▶ _YOUR OBJECTIVE_
Output only the lines below from the one containing "definition Kn where" to the one containing "F \<Phi> P \<longleftrightarrow>", exactly as written, both ends kept.

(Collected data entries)
definition failure_model ::
  "('a, 'v, 'l, 'msg, 'z) info_exchange_scheme \<Rightarrow> ('a, 'v, 'l, 'msg, 'e, 'y) failure_model_scheme \<Rightarrow> bool" where
  "failure_model E F \<longleftrightarrow>
     env_init F \<noteq> {} \<and> env_init F \<subseteq> env_states F \<and>
     (\<forall>se acts. se \<in> env_states F \<longrightarrow> env_delta F se acts \<in> env_states F) \<and>
     (\<forall>\<alpha>\<in>advs F.
        (\<forall>k i j m. m \<in> allmsgs E \<longrightarrow> dt \<alpha> k i j m \<in> allmsgs E) \<and>
        (\<forall>k i j m. m \<in> allmsgs E \<longrightarrow> dr \<alpha> k i j m \<in> allmsgs E) \<and>
        (\<forall>i k s. s \<in> lstates E i \<longrightarrow>
            ds \<alpha> i k s \<in> lstates E i \<and> time E i (ds \<alpha> i k s) = time E i s))"

definition no_action_info ::
  "('a, 'v, 's \<times> 'd, 'msg, 'z) info_exchange_scheme \<Rightarrow> ('a \<Rightarrow> 's set) \<Rightarrow> ('a \<Rightarrow> 'd set)
   \<Rightarrow> ('a \<Rightarrow> 's \<Rightarrow> 'a \<Rightarrow> 'msg) \<Rightarrow> ('a \<Rightarrow> 's \<Rightarrow> ('a \<Rightarrow> 'msg) \<Rightarrow> 's) \<Rightarrow> ('a \<Rightarrow> 'd \<Rightarrow> 'v act \<Rightarrow> 'd) \<Rightarrow> bool" where
  "no_action_info E S D mu' delta1 delta2 \<longleftrightarrow>
     (\<forall>i. lstates E i = S i \<times> D i \<and>
        (\<forall>s\<in>S i. \<forall>m. (\<forall>j. m j \<in> allmsgs E) \<longrightarrow> delta1 i s m \<in> S i) \<and>
        (\<forall>d\<in>D i. \<forall>a. delta2 i d a \<in> D i) \<and>
        (\<forall>s\<in>S i. \<forall>d\<in>D i. \<forall>a. mu E i (s, d) a = mu' i s) \<and>
        (\<forall>s\<in>S i. \<forall>d\<in>D i. \<forall>a m. (\<forall>j. m j \<in> allmsgs E) \<longrightarrow>
            delta E i (s, d) a m = (delta1 i s m, delta2 i d a)))"

definition records_decision_info ::
  "('a, 'v, 's \<times> 'd, 'msg, 'z) info_exchange_scheme \<Rightarrow> ('a \<Rightarrow> 's set) \<Rightarrow> ('a \<Rightarrow> 'd set)
   \<Rightarrow> ('a \<Rightarrow> 'd \<Rightarrow> 'v act \<Rightarrow> 'd) \<Rightarrow> ('a \<Rightarrow> 'd set) \<Rightarrow> ('a \<Rightarrow> 'd set) \<Rightarrow> bool" where
  "records_decision_info E S D delta2 D1 D2 \<longleftrightarrow>
     (\<forall>i. D i = D1 i \<union> D2 i \<and> D1 i \<inter> D2 i = {} \<and>
        istates E i \<subseteq> S i \<times> D1 i \<and>
        (\<forall>d\<in>D1 i. delta2 i d Noop \<in> D1 i \<and> (\<forall>v. delta2 i d (Decide v) \<in> D2 i)) \<and>
        (\<forall>d\<in>D2 i. \<forall>a. delta2 i d a \<in> D2 i))"

definition acts_independently ::
  "('a \<Rightarrow> 's set) \<Rightarrow> ('a \<Rightarrow> 'd set) \<Rightarrow> ('a, 'v, 's \<times> 'd, 'msg, 'e, 'y) failure_model_scheme \<Rightarrow> bool" where
  "acts_independently S D F \<longleftrightarrow>
     (\<forall>\<alpha>\<in>advs F. \<forall>i. \<exists>Ds1 Ds2.
        \<forall>k. \<forall>s\<in>S i. \<forall>d\<in>D i. ds \<alpha> i k (s, d) = (Ds1 k s, Ds2 k d))"

definition no_action_memory_perturbation ::
  "('a \<Rightarrow> 's set) \<Rightarrow> ('a \<Rightarrow> 'd set) \<Rightarrow> ('a, 'v, 's \<times> 'd, 'msg, 'e, 'y) failure_model_scheme \<Rightarrow> bool" where
  "no_action_memory_perturbation S D F \<longleftrightarrow>
     (\<forall>\<alpha>\<in>advs F. \<forall>i. \<exists>Ds1 Ds2.
        (\<forall>k. \<forall>s\<in>S i. \<forall>d\<in>D i. ds \<alpha> i k (s, d) = (Ds1 k s, Ds2 k d)) \<and>
        (\<forall>k. \<forall>d\<in>D i. Ds2 k d = d))"

type_synonym ('a, 'v, 'l) protocol = "'a \<Rightarrow> 'l \<Rightarrow> 'v act"

type_synonym ('a, 'l, 'msg, 'e) gstate = "('e \<times> ('a, 'l, 'msg) adversary) \<times> ('a \<Rightarrow> 'l)"

definition gstep ::
  "('a, 'v, 'l) protocol \<Rightarrow> ('a, 'v, 'l, 'msg, 'z) info_exchange_scheme
   \<Rightarrow> ('a, 'v, 'l, 'msg, 'e, 'y) failure_model_scheme \<Rightarrow> nat
   \<Rightarrow> ('a, 'l, 'msg, 'e) gstate \<Rightarrow> ('a, 'l, 'msg, 'e) gstate" where
  "gstep P E F k g =
     (let se = fst (fst g); \<alpha> = snd (fst g); ls = snd g;
          acts = (\<lambda>i. P i (ls i));
          recv = (\<lambda>i j. dr \<alpha> k i j (dt \<alpha> k i j (mu E i (ls i) (acts i) j)));
          sstar = (\<lambda>j. delta E j (ls j) (acts j) (\<lambda>i. recv i j))
      in ((env_delta F se acts, \<alpha>), (\<lambda>j. ds \<alpha> j k (sstar j))))"

primrec run ::
  "('a, 'v, 'l) protocol \<Rightarrow> ('a, 'v, 'l, 'msg, 'z) info_exchange_scheme
   \<Rightarrow> ('a, 'v, 'l, 'msg, 'e, 'y) failure_model_scheme
   \<Rightarrow> ('a, 'l, 'msg, 'e) gstate \<Rightarrow> nat \<Rightarrow> ('a, 'l, 'msg, 'e) gstate" where
  "run P E F g0 0 = g0"
| "run P E F g0 (Suc k) = gstep P E F k (run P E F g0 k)"

text \<open>Initial global states; a run is identified by its initial global state
  (runs of different systems correspond iff they have the same initial state).\<close>
definition inits ::
  "('a, 'v, 'l, 'msg, 'z) info_exchange_scheme \<Rightarrow> ('a, 'v, 'l, 'msg, 'e, 'y) failure_model_scheme
   \<Rightarrow> ('a, 'l, 'msg, 'e) gstate set" where
  "inits E F = {g. fst (fst g) \<in> env_init F \<and> snd (fst g) \<in> advs F \<and> (\<forall>i. snd g i \<in> istates E i)}"

definition loc where
  "loc P E F g0 i m = snd (run P E F g0 m) i"

definition action where
  "action P E F g0 i m = P i (loc P E F g0 i m)"

definition adv_of :: "('a, 'l, 'msg, 'e) gstate \<Rightarrow> ('a, 'l, 'msg) adversary" where
  "adv_of g0 = snd (fst g0)"

text \<open>Messages sent from i to j in round k (from time k to k+1).\<close>
definition sent where
  "sent P E F g0 k i j = mu E i (loc P E F g0 i k) (action P E F g0 i k) j"

definition has_fault where
  "has_fault P E F g0 i k \<longleftrightarrow>
     (let \<alpha> = adv_of g0;
          tr = (\<lambda>a b. dt \<alpha> k a b (sent P E F g0 k a b));
          sstar = delta E i (loc P E F g0 i k) (action P E F g0 i k) (\<lambda>j. dr \<alpha> k j i (tr j i))
      in (\<exists>j. tr i j \<noteq> sent P E F g0 k i j) \<or>
         (\<exists>j. dr \<alpha> k j i (tr j i) \<noteq> tr j i) \<or>
         ds \<alpha> i k sstar \<noteq> sstar)"

text \<open>N(r,m): agents with no fault in any round of r (independent of m).\<close>
definition nonfaulty where
  "nonfaulty P E F g0 = {i. \<forall>k. \<not> has_fault P E F g0 i k}"

type_synonym ('a, 'l, 'msg, 'e) formula = "('a, 'l, 'msg, 'e) gstate \<Rightarrow> nat \<Rightarrow> bool"

definition Kn where
  "Kn P E F i \<phi> g m \<longleftrightarrow>
     (\<forall>g'\<in>inits E F. \<forall>m'. loc P E F g' i m' = loc P E F g i m \<longrightarrow> \<phi> g' m')"

definition BN where
  "BN P E F i \<phi> = Kn P E F i (\<lambda>g m. i \<in> nonfaulty P E F g \<longrightarrow> \<phi> g m)"

definition EB where
  "EB P E F \<phi> g m \<longleftrightarrow> (\<forall>i\<in>nonfaulty P E F g. BN P E F i \<phi> g m)"

definition CB where
  "CB P E F \<phi> g m \<longleftrightarrow> (\<forall>k\<ge>1. (EB P E F ^^ k) \<phi> g m)"

definition exists_val where
  "exists_val E v g m \<longleftrightarrow> (\<exists>j. init E j (snd g j) = v)"

definition Phi_CB where
  "Phi_CB E F P i v = BN P E F i (CB P E F (exists_val E v))"

definition decided_before where
  "decided_before P E F g i m \<longleftrightarrow> (\<exists>k<m. \<exists>v. action P E F g i k = Decide v)"

definition prescribed ::
  "('a, 'v::linorder, 'l) protocol \<Rightarrow> ('a, 'v, 'l, 'msg, 'z) info_exchange_scheme
   \<Rightarrow> ('a, 'v, 'l, 'msg, 'e, 'y) failure_model_scheme
   \<Rightarrow> ('a \<Rightarrow> 'v \<Rightarrow> ('a, 'l, 'msg, 'e) formula)
   \<Rightarrow> ('a, 'l, 'msg, 'e) gstate \<Rightarrow> 'a \<Rightarrow> nat \<Rightarrow> 'v act" where
  "prescribed P E F \<Phi> g i m =
     (if decided_before P E F g i m then Noop
      else if \<exists>v. \<Phi> i v g m then Decide (LEAST v. \<Phi> i v g m) else Noop)"

text \<open>Phi is given as a function of the protocol, since it is evaluated in I_{P,E,F}.\<close>
definition implements where
  "implements E F \<Phi> P \<longleftrightarrow>
     (\<forall>g\<in>inits E F. \<forall>m i. action P E F g i m = prescribed P E F (\<Phi> P) g i m)"

definition SBA_protocol where
  "SBA_protocol E F P \<longleftrightarrow>
     (\<forall>g\<in>inits E F.
        (\<forall>i m m' v v'. action P E F g i m = Decide v \<longrightarrow> action P E F g i m' = Decide v' \<longrightarrow> m = m') \<and>
        (\<forall>i m v. i \<in> nonfaulty P E F g \<longrightarrow> action P E F g i m = Decide v \<longrightarrow>
            (\<forall>j\<in>nonfaulty P E F g. action P E F g j m = Decide v) \<and>
            (\<exists>j. init E j (snd g j) = v)))"

definition proto_le where
  "proto_le E F P1 P2 \<longleftrightarrow>
     (\<forall>g\<in>inits E F. \<forall>i m v. action P1 E F g i m = Decide v \<longrightarrow>
        \<not> (\<exists>m'<m. \<exists>v'. action P2 E F g i m' = Decide v'))"

definition optimum_SBA where
  "optimum_SBA E F P \<longleftrightarrow> SBA_protocol E F P \<and> (\<forall>P'. SBA_protocol E F P' \<longrightarrow> proto_le E F P P')"

end

theory Submission
  imports Defs
begin

(* Common belief among the nonfaulty agents is itself believed by each of them, so all nonfaulty
   agents satisfy B_i CB (exists v) at the same time and for the same v: this makes P an SBA
   protocol.
   For optimality: since messages carry no information about actions and failures leave the
   action memory alone, an agent's message memory evolves independently of the protocol, and its
   action memory only records whether it has decided. Hence, as long as an agent has not decided,
   its local state is the same under every protocol, and so is the set of faulty agents.
   Suppose an SBA protocol Q makes agent i decide v at a time m at which P has not yet decided,
   while Q never decided earlier than P before m. The property "at time m every nonfaulty agent
   decides v under Q and has not yet decided under P" is then believed by every nonfaulty agent
   wherever it holds, and it implies that v is some initial preference. By the induction rule for
   common belief, i believes CB (exists v) at time m, so P decides at m as well. *)

definition received ::
  "('a, 'v, 'l) protocol \<Rightarrow> ('a, 'v, 'l, 'msg, 'z) info_exchange_scheme
   \<Rightarrow> ('a, 'v, 'l, 'msg, 'e, 'y) failure_model_scheme \<Rightarrow> ('a, 'l, 'msg, 'e) gstate
   \<Rightarrow> nat \<Rightarrow> 'a \<Rightarrow> 'a \<Rightarrow> 'msg" where
  "received P E F g k j = (\<lambda>i. dr (adv_of g) k i j (dt (adv_of g) k i j (sent P E F g k i j)))"

lemma adv_of_run: "snd (fst (run P E F g m)) = adv_of g"
  by (induction m) (simp_all add: gstep_def Let_def adv_of_def)

lemma loc_0: "loc P E F g i 0 = snd g i"
  by (simp add: loc_def)

lemma loc_Suc:
  "loc P E F g j (Suc k) =
     ds (adv_of g) j k (delta E j (loc P E F g j k) (action P E F g j k) (received P E F g k j))"
  by (simp add: loc_def gstep_def Let_def adv_of_run action_def sent_def received_def)

lemma adv_of_inits: "g \<in> inits E F \<Longrightarrow> adv_of g \<in> advs F"
  by (simp add: inits_def adv_of_def)

lemma decided_before_0: "\<not> decided_before P E F g i 0"
  by (simp add: decided_before_def)

lemma decided_before_Suc:
  "decided_before P E F g i (Suc m) \<longleftrightarrow>
     decided_before P E F g i m \<or> (\<exists>v. action P E F g i m = Decide v)"
  by (auto simp: decided_before_def less_Suc_eq)

lemma has_fault_iff:
  "has_fault P E F g i k \<longleftrightarrow>
     (\<exists>j. dt (adv_of g) k i j (sent P E F g k i j) \<noteq> sent P E F g k i j) \<or>
     (\<exists>j. received P E F g k i j \<noteq> dt (adv_of g) k j i (sent P E F g k j i)) \<or>
     (let \<sigma> = delta E i (loc P E F g i k) (action P E F g i k) (received P E F g k i)
      in ds (adv_of g) i k \<sigma> \<noteq> \<sigma>)"
  by (simp add: has_fault_def received_def Let_def)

▶ _SOLUTION TO THE EXERCISE_
definition Kn where
  "Kn P E F i \<phi> g m \<longleftrightarrow>
     (\<forall>g'\<in>inits E F. \<forall>m'. loc P E F g' i m' = loc P E F g i m \<longrightarrow> \<phi> g' m')"

definition BN where
  "BN P E F i \<phi> = Kn P E F i (\<lambda>g m. i \<in> nonfaulty P E F g \<longrightarrow> \<phi> g m)"

definition EB where
  "EB P E F \<phi> g m \<longleftrightarrow> (\<forall>i\<in>nonfaulty P E F g. BN P E F i \<phi> g m)"

definition CB where
  "CB P E F \<phi> g m \<longleftrightarrow> (\<forall>k\<ge>1. (EB P E F ^^ k) \<phi> g m)"

definition exists_val where
  "exists_val E v g m \<longleftrightarrow> (\<exists>j. init E j (snd g j) = v)"

definition Phi_CB where
  "Phi_CB E F P i v = BN P E F i (CB P E F (exists_val E v))"

definition decided_before where
  "decided_before P E F g i m \<longleftrightarrow> (\<exists>k<m. \<exists>v. action P E F g i k = Decide v)"

definition prescribed ::
  "('a, 'v::linorder, 'l) protocol \<Rightarrow> ('a, 'v, 'l, 'msg, 'z) info_exchange_scheme
   \<Rightarrow> ('a, 'v, 'l, 'msg, 'e, 'y) failure_model_scheme
   \<Rightarrow> ('a \<Rightarrow> 'v \<Rightarrow> ('a, 'l, 'msg, 'e) formula)
   \<Rightarrow> ('a, 'l, 'msg, 'e) gstate \<Rightarrow> 'a \<Rightarrow> nat \<Rightarrow> 'v act" where
  "prescribed P E F \<Phi> g i m =
     (if decided_before P E F g i m then Noop
      else if \<exists>v. \<Phi> i v g m then Decide (LEAST v. \<Phi> i v g m) else Noop)"

text \<open>Phi is given as a function of the protocol, since it is evaluated in I_{P,E,F}.\<close>
definition implements where
  "implements E F \<Phi> P \<longleftrightarrow>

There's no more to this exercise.